▶ [ABOUT THIS EXERCISE]: Every line below that holds the string "noteq" must be copied.

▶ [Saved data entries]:
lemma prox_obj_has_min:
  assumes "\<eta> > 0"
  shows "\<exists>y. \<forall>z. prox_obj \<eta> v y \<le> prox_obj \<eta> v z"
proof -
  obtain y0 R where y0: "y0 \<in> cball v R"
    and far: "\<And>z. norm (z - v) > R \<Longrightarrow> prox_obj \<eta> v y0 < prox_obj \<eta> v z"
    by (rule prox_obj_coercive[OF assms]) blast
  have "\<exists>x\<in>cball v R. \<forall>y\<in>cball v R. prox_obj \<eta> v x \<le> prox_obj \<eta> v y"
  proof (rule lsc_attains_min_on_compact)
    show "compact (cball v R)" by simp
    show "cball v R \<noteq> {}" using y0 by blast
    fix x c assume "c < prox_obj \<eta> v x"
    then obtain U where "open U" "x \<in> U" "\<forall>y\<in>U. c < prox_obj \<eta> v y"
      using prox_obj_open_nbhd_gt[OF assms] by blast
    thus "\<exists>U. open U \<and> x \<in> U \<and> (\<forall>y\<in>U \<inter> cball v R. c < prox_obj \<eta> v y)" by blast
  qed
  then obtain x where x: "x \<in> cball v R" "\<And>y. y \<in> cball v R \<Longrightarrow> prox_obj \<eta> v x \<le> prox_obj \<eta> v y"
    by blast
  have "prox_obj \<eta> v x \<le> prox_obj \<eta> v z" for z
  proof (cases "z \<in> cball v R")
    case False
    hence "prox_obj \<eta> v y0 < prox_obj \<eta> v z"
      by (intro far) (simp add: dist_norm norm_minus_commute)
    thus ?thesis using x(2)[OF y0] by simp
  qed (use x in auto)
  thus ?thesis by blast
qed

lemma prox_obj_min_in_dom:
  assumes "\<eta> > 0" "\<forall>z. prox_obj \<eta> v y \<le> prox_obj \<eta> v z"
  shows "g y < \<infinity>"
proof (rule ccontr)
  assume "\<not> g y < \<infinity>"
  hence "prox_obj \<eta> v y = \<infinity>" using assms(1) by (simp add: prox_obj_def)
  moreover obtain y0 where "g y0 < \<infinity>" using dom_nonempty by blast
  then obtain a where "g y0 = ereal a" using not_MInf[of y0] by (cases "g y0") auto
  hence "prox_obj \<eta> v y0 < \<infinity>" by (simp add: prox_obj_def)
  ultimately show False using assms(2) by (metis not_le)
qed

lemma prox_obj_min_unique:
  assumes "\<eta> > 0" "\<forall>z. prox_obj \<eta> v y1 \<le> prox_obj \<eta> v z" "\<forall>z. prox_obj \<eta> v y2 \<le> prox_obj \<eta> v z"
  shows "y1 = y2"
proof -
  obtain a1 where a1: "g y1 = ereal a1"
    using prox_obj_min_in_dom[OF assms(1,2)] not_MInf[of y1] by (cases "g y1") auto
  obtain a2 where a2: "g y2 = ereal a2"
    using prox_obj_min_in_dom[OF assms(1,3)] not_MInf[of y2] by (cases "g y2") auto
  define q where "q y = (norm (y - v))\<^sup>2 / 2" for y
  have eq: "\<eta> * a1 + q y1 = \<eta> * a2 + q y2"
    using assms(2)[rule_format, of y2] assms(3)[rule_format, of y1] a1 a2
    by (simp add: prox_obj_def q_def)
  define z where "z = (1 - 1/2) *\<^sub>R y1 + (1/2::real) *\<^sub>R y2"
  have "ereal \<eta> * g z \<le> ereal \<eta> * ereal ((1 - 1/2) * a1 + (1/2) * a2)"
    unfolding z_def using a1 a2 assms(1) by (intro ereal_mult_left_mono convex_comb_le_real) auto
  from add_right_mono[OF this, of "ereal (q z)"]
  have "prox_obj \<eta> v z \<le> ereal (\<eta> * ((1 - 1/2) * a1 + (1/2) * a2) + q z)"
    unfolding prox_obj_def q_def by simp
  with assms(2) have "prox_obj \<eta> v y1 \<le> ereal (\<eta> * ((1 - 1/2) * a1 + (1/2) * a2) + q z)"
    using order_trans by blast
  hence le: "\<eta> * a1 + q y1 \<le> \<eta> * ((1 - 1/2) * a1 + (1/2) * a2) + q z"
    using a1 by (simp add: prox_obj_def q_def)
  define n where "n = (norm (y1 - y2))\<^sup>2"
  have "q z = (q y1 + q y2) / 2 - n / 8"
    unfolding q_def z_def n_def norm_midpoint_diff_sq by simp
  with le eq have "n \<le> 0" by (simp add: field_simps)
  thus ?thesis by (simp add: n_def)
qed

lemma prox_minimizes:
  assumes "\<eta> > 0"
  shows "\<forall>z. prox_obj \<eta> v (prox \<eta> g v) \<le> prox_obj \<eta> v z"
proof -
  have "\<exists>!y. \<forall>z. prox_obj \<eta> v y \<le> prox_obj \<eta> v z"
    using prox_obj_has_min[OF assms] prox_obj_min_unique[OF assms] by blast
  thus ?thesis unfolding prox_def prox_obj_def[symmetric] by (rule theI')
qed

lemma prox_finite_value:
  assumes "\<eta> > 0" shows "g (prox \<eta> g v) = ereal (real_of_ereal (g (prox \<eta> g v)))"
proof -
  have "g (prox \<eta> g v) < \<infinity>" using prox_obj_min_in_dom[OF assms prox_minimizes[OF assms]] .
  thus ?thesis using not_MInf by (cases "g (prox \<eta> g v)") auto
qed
---
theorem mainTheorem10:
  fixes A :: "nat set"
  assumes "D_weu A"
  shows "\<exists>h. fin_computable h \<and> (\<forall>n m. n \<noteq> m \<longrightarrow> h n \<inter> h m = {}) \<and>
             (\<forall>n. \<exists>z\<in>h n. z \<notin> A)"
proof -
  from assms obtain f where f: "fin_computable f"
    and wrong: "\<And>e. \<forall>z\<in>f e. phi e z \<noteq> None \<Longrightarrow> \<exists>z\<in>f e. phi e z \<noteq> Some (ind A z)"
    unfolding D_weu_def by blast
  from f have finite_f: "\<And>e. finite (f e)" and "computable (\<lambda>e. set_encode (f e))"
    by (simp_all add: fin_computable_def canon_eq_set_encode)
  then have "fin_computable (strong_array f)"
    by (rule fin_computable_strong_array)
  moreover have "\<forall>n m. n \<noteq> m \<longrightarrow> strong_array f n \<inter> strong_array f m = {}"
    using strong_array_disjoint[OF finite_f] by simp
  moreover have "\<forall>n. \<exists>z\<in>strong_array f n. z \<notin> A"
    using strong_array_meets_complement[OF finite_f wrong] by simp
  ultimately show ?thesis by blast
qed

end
...
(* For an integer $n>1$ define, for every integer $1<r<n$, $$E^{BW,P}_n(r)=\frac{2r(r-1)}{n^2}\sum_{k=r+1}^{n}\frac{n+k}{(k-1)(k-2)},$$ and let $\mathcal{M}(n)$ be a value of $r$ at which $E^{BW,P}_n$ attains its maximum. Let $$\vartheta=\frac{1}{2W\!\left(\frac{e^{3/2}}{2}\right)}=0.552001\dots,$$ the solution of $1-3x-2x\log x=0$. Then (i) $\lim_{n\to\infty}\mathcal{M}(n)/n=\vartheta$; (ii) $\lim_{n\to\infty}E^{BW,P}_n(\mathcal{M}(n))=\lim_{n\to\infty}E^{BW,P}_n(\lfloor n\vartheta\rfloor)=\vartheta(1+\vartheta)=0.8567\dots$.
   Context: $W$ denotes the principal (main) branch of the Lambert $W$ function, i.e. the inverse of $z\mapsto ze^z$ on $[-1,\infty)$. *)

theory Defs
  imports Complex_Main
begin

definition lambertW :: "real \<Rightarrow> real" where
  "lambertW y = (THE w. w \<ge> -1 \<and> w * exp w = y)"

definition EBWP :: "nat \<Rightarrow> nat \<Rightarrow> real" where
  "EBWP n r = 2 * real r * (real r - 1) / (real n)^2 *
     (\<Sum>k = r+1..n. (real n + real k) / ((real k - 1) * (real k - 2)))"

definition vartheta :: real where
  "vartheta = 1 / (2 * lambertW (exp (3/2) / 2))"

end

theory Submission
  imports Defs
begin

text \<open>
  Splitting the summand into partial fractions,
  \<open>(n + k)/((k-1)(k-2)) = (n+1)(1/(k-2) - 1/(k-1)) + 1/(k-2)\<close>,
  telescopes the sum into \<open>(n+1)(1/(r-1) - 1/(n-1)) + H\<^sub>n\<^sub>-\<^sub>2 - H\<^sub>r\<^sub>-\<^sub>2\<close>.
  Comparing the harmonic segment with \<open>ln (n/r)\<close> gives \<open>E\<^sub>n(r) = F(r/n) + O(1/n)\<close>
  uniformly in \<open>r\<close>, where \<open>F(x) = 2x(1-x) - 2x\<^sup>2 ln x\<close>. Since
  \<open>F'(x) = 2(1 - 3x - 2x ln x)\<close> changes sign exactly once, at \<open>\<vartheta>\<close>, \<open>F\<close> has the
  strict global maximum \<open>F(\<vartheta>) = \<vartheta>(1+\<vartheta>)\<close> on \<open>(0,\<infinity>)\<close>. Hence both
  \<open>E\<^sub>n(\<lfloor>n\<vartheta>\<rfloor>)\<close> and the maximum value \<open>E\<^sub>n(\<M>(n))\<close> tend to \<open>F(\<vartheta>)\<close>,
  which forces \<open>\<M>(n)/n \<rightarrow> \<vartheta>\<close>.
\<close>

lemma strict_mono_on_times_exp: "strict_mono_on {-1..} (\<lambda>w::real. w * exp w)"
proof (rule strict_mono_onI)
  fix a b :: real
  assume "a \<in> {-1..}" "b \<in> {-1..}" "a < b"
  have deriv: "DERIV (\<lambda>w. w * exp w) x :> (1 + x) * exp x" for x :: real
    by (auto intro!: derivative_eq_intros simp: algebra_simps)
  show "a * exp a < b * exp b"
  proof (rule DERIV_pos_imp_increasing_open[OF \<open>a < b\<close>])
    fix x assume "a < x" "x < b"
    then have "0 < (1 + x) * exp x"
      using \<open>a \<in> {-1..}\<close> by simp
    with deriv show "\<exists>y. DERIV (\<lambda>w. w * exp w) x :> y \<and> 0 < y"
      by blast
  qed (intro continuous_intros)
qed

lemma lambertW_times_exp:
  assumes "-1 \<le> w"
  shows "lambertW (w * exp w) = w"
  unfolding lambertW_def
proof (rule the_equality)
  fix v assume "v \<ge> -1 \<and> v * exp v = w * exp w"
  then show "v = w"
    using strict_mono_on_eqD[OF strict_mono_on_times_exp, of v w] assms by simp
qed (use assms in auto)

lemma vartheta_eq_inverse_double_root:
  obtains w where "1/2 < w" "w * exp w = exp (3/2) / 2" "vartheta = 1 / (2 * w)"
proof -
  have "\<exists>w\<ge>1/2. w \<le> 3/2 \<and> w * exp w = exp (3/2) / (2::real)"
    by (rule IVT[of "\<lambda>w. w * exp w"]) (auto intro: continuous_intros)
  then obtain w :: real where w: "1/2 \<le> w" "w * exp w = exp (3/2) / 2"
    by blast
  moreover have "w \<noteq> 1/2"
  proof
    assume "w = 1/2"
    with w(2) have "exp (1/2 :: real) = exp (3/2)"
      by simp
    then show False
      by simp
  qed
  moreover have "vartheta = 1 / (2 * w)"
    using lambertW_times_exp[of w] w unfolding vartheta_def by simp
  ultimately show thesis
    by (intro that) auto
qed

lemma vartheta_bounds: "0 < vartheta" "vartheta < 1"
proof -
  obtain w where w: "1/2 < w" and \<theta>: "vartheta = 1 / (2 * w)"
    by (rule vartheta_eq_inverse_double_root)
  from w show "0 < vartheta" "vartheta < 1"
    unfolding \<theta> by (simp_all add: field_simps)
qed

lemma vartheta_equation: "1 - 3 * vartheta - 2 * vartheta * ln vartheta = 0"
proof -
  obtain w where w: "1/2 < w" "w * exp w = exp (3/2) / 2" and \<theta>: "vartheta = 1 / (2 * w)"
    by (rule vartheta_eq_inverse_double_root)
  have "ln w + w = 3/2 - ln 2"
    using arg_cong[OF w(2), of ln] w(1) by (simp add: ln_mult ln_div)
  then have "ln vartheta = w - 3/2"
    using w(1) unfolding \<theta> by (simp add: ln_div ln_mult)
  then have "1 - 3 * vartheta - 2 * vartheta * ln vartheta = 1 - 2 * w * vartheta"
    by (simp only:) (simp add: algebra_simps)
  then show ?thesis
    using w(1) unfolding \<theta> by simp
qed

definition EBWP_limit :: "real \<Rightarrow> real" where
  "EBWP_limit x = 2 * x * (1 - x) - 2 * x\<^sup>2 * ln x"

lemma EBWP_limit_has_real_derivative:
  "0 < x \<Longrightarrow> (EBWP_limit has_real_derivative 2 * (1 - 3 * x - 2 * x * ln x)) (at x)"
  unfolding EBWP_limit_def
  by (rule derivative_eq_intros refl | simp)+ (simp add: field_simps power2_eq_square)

▶ [TASK RESPONSE]:
    show "cball v R \<noteq> {}" using y0 by blast
  shows "\<exists>h. fin_computable h \<and> (\<forall>n m. n \<noteq> m \<longrightarrow> h n \<inter> h m = {}) \<and>
    and wrong: "\<And>e. \<forall>z\<in>f e. phi e z \<noteq> None \<Longrightarrow> \<exists>z\<in>f e. phi e z \<noteq> Some (ind A z)"
  moreover have "\<forall>n m. n \<noteq> m \<longrightarrow> strong_array f n \<inter> strong_array f m = {}"
  moreover have "w \<noteq> 1/2"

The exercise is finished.